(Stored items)
------------------------

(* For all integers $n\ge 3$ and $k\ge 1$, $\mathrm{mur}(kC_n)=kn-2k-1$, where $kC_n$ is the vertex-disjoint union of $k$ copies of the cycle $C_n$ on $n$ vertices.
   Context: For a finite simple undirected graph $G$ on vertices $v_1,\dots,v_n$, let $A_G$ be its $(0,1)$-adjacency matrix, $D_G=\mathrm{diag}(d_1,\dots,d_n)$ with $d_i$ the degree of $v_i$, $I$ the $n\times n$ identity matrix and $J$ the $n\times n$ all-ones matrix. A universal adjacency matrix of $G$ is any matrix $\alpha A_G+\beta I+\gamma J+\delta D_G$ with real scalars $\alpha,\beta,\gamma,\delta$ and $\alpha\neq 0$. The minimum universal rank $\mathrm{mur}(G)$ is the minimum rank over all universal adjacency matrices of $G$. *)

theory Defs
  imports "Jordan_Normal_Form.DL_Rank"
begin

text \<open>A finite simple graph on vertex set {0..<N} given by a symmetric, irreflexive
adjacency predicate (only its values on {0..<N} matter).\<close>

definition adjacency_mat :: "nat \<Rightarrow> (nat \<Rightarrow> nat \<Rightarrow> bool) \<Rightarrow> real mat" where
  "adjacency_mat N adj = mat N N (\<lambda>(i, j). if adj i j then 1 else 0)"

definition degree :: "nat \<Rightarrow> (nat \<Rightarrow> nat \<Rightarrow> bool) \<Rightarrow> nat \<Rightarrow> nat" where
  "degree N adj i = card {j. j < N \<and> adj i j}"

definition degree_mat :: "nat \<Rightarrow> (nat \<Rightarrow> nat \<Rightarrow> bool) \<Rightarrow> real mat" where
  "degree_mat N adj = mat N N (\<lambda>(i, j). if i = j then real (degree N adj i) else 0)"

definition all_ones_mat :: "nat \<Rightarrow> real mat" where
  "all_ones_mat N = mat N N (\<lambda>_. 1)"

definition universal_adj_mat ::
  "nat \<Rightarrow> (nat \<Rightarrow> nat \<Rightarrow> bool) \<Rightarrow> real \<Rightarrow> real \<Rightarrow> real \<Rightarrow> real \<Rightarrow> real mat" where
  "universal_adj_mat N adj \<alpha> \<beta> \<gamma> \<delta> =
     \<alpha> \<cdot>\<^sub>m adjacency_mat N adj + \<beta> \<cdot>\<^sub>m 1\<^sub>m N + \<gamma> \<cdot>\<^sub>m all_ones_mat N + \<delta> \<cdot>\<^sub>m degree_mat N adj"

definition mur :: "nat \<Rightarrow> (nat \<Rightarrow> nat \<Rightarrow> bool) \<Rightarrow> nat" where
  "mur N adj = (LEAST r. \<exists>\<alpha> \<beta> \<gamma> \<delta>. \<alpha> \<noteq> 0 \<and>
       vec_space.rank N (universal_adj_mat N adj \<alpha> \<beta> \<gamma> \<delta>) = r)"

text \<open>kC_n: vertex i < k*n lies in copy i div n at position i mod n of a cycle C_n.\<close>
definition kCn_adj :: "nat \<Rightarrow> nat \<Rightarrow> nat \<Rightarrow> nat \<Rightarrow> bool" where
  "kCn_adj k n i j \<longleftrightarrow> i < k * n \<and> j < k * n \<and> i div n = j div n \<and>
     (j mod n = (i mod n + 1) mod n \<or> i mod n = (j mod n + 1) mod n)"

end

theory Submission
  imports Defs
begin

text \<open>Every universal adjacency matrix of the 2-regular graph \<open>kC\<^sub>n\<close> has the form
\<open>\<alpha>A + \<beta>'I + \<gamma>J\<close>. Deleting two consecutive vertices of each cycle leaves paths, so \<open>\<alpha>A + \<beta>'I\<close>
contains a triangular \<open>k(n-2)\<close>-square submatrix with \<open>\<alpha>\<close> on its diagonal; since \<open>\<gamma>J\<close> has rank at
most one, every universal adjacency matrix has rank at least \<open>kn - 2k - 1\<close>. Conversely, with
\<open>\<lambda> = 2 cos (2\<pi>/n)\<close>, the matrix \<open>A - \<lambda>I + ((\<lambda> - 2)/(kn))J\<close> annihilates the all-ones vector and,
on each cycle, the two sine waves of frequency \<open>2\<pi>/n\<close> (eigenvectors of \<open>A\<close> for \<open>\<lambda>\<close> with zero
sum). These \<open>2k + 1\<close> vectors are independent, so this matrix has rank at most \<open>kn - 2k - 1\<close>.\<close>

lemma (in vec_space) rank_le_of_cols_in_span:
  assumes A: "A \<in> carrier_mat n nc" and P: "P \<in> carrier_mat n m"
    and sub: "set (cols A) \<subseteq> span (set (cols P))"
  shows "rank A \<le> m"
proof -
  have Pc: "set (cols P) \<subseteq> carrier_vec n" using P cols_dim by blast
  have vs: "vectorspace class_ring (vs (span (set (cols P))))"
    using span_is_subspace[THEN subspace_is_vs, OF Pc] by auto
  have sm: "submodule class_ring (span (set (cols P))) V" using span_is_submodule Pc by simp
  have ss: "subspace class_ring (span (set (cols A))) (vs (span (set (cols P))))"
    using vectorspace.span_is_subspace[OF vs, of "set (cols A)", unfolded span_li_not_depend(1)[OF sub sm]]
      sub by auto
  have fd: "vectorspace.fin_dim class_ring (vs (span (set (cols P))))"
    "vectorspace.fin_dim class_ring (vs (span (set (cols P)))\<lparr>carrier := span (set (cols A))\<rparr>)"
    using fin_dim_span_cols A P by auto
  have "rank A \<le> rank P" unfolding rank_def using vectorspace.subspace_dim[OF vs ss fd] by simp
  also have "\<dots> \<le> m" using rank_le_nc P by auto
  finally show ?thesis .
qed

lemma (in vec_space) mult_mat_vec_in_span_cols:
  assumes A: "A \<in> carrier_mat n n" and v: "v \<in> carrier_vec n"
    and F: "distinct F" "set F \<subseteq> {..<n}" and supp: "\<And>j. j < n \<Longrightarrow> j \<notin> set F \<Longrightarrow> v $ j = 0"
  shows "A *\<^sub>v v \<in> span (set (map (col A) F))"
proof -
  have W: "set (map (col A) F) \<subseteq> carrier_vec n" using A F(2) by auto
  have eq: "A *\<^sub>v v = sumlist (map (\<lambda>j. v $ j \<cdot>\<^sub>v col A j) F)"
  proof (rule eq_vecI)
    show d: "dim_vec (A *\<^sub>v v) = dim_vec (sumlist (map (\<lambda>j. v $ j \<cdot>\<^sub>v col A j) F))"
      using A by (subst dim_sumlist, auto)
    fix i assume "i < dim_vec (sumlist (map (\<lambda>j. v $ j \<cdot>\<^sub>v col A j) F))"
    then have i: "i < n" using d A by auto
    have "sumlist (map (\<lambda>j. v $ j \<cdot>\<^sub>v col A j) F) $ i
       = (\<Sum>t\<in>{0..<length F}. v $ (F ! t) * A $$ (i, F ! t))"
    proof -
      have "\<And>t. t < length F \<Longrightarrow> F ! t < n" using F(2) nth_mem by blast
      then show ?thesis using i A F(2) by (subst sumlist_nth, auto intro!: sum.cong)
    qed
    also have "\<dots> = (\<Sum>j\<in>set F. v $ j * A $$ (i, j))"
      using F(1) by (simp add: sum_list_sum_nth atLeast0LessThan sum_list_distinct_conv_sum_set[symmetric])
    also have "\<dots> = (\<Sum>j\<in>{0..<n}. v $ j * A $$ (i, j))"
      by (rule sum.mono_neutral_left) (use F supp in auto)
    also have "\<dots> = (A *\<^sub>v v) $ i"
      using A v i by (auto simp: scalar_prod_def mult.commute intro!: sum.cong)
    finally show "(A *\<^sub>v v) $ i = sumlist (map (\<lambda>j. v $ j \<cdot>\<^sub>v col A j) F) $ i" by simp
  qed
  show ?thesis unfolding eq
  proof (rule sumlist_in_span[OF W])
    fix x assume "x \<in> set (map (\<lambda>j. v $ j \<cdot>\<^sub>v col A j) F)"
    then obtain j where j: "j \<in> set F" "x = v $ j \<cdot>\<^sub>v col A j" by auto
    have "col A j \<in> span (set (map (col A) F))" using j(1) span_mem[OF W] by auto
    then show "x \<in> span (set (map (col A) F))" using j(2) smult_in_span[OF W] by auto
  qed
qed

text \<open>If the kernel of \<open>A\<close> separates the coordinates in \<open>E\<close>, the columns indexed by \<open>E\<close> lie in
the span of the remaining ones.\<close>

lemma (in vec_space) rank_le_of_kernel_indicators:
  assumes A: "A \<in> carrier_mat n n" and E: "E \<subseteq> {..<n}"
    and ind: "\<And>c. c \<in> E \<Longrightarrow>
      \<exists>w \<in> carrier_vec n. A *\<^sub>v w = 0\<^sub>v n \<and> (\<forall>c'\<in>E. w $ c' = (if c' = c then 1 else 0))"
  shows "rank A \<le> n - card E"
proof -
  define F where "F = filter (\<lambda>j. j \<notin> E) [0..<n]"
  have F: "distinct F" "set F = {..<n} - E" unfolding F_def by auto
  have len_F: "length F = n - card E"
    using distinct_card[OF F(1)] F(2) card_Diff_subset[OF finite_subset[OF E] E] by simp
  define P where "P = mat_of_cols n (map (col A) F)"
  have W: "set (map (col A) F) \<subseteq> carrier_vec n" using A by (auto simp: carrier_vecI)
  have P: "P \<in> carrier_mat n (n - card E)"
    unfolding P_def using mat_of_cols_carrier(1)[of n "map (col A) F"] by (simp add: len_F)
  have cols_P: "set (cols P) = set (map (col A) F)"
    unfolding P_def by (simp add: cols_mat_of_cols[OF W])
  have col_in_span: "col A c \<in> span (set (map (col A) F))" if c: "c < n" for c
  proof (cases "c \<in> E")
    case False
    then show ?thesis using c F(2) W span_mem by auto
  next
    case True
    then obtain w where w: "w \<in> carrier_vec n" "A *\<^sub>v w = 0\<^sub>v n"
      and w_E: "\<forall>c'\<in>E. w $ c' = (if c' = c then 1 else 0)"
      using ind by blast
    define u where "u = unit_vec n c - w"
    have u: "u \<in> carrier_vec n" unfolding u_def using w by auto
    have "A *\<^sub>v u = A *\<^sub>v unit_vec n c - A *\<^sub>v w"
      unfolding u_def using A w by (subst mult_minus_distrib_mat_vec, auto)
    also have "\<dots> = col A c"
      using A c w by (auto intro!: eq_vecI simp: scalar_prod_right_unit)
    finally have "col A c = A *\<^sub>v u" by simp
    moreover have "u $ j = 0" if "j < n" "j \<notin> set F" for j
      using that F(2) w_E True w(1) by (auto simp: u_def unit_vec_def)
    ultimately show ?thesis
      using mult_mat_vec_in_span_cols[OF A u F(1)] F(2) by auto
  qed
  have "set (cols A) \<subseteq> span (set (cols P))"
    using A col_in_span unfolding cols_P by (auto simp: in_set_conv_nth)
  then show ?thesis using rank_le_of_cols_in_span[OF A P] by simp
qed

------------------------

Goal of the exercise: From the line holding "imports Defs" to the line holding "span_is_submodule Pc by simp", inclusive, restate each line above exactly as written.

Response area:
  imports Defs
begin

text \<open>Every universal adjacency matrix of the 2-regular graph \<open>kC\<^sub>n\<close> has the form
\<open>\<alpha>A + \<beta>'I + \<gamma>J\<close>. Deleting two consecutive vertices of each cycle leaves paths, so \<open>\<alpha>A + \<beta>'I\<close>
contains a triangular \<open>k(n-2)\<close>-square submatrix with \<open>\<alpha>\<close> on its diagonal; since \<open>\<gamma>J\<close> has rank at
most one, every universal adjacency matrix has rank at least \<open>kn - 2k - 1\<close>. Conversely, with
\<open>\<lambda> = 2 cos (2\<pi>/n)\<close>, the matrix \<open>A - \<lambda>I + ((\<lambda> - 2)/(kn))J\<close> annihilates the all-ones vector and,
on each cycle, the two sine waves of frequency \<open>2\<pi>/n\<close> (eigenvectors of \<open>A\<close> for \<open>\<lambda>\<close> with zero
sum). These \<open>2k + 1\<close> vectors are independent, so this matrix has rank at most \<open>kn - 2k - 1\<close>.\<close>

lemma (in vec_space) rank_le_of_cols_in_span:
  assumes A: "A \<in> carrier_mat n nc" and P: "P \<in> carrier_mat n m"
    and sub: "set (cols A) \<subseteq> span (set (cols P))"
  shows "rank A \<le> m"
proof -
  have Pc: "set (cols P) \<subseteq> carrier_vec n" using P cols_dim by blast
  have vs: "vectorspace class_ring (vs (span (set (cols P))))"
    using span_is_subspace[THEN subspace_is_vs, OF Pc] by auto
  have sm: "submodule class_ring (span (set (cols P))) V" using span_is_submodule Pc by simp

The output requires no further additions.